In its decision issued yesterday, the Court held that “DHHL’s reservations of water throughout the State are entitled to the full panoply of constitutional protections afforded the other public trust purposes enunciated by this court” in the Waiahole Ditch case, and that by failing to insure that the proposed well would not interfere with DHHL’s water reservation, the Commission “violated its public trust duty to protect DHHL’s reservation rights under the [Hawaiian Homes Commission Act], the [Water] Code, the Hawai’i Constitution, and the public trust doctrine in balancing the various competing interests in the state water resources trust.”
The Court also held that the Commission had wrongly tried to put the burden on the Moloka`i residents to prove that the well would interfere with their traditional and customary gathering rights as native Hawaiians.

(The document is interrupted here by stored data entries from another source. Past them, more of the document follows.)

lemma interior_Cons [simp]: "interior (x # q) = set (butlast q)"
  by (simp add: interior_def)

lemma interior_subset_interior_Cons: "interior q \<subseteq> interior (x # q)"
  by (cases q) (auto simp: interior_def)

lemma interior_arc_out:
  assumes "dpath A p x y" "u \<in> interior p"
  shows "\<exists>w. (u, w) \<in> A"
proof -
  have "u \<in> set (butlast (tl p))" using assms(2) by (simp add: interior_def)
  then obtain j where "j < length (butlast (tl p))" "butlast (tl p) ! j = u"
    unfolding in_set_conv_nth by blast
  then have "Suc (Suc j) < length p" "p ! Suc j = u" by (auto simp: nth_butlast nth_tl)
  then show ?thesis using assms(1) by (auto simp: dpath_def)
qed

lemma interior_arc_into:
  assumes "dpath A p x y" "u \<in> interior p"
  shows "\<exists>w. (w, u) \<in> A"
proof -
  have "u \<in> set (butlast (tl p))" using assms(2) by (simp add: interior_def)
  then obtain j where "j < length (butlast (tl p))" "butlast (tl p) ! j = u"
    unfolding in_set_conv_nth by blast
  then have "Suc j < length p" "p ! Suc j = u" by (auto simp: nth_butlast nth_tl)
  then show ?thesis using assms(1) by (auto simp: dpath_def)
qed

lemma dpath_second_vertex:
  assumes "dpath A p x y" "y \<noteq> x"
  shows "(x, p ! 1) \<in> A \<and> (p ! 1 = y \<or> p ! 1 \<in> interior p)"
proof -
  obtain u q where p: "p = x # u # q"
    using assms by (cases p; cases "tl p") (auto simp: dpath_def)
  have "(x, u) \<in> A" using assms(1) p by (auto simp: dpath_Cons)
  moreover have "u = y \<or> u \<in> set (butlast (u # q))"
    using assms(1) p by (cases q) (auto simp: dpath_def)
  ultimately show ?thesis using p by simp
qed

lemma paths_with_common_second_vertex:
  assumes "dpath A p x y" "dpath A q x y'" "y \<noteq> x" "y' \<noteq> x" "y \<noteq> y'"
    "\<forall>w. (y, w) \<notin> A" "\<forall>w. (y', w) \<notin> A" "p ! 1 = q ! 1" "interior p \<inter> interior q = {}"
  shows False
proof -
  have "y \<notin> interior q" "y' \<notin> interior p"
    using interior_arc_out[OF assms(2)] interior_arc_out[OF assms(1)] assms(6,7) by blast+
  then show False
    using dpath_second_vertex[OF assms(1,3)] dpath_second_vertex[OF assms(2,4)] assms(5,8,9) by auto
qed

According to the Court, Moloka`i Ranch was “obligated to demonstrate affirmatively that the proposed well would not affect native Hawaiians’ rights; in other words, the absence of evidence that the proposed use would affect native Hawaiians’ rights was insufficient to meet the burden imposed upon [Moloka`i Ranch] by the public trust doctrine, the Hawai’i Constitution, and the Code.”
As Earthjustice attorney Paul Achitoff observed, “The Supreme Court has said, loud and clear: Developers can no longer get permits just by arguing that their proposals won’t affect native Hawaiian rights — they have to prove it.”
Moloka`i resident Glenn Davis remarked: “I’m thankful that the process works. Moloka`i Ranch didn’t consult with the community before they made their application, but maybe now they will.”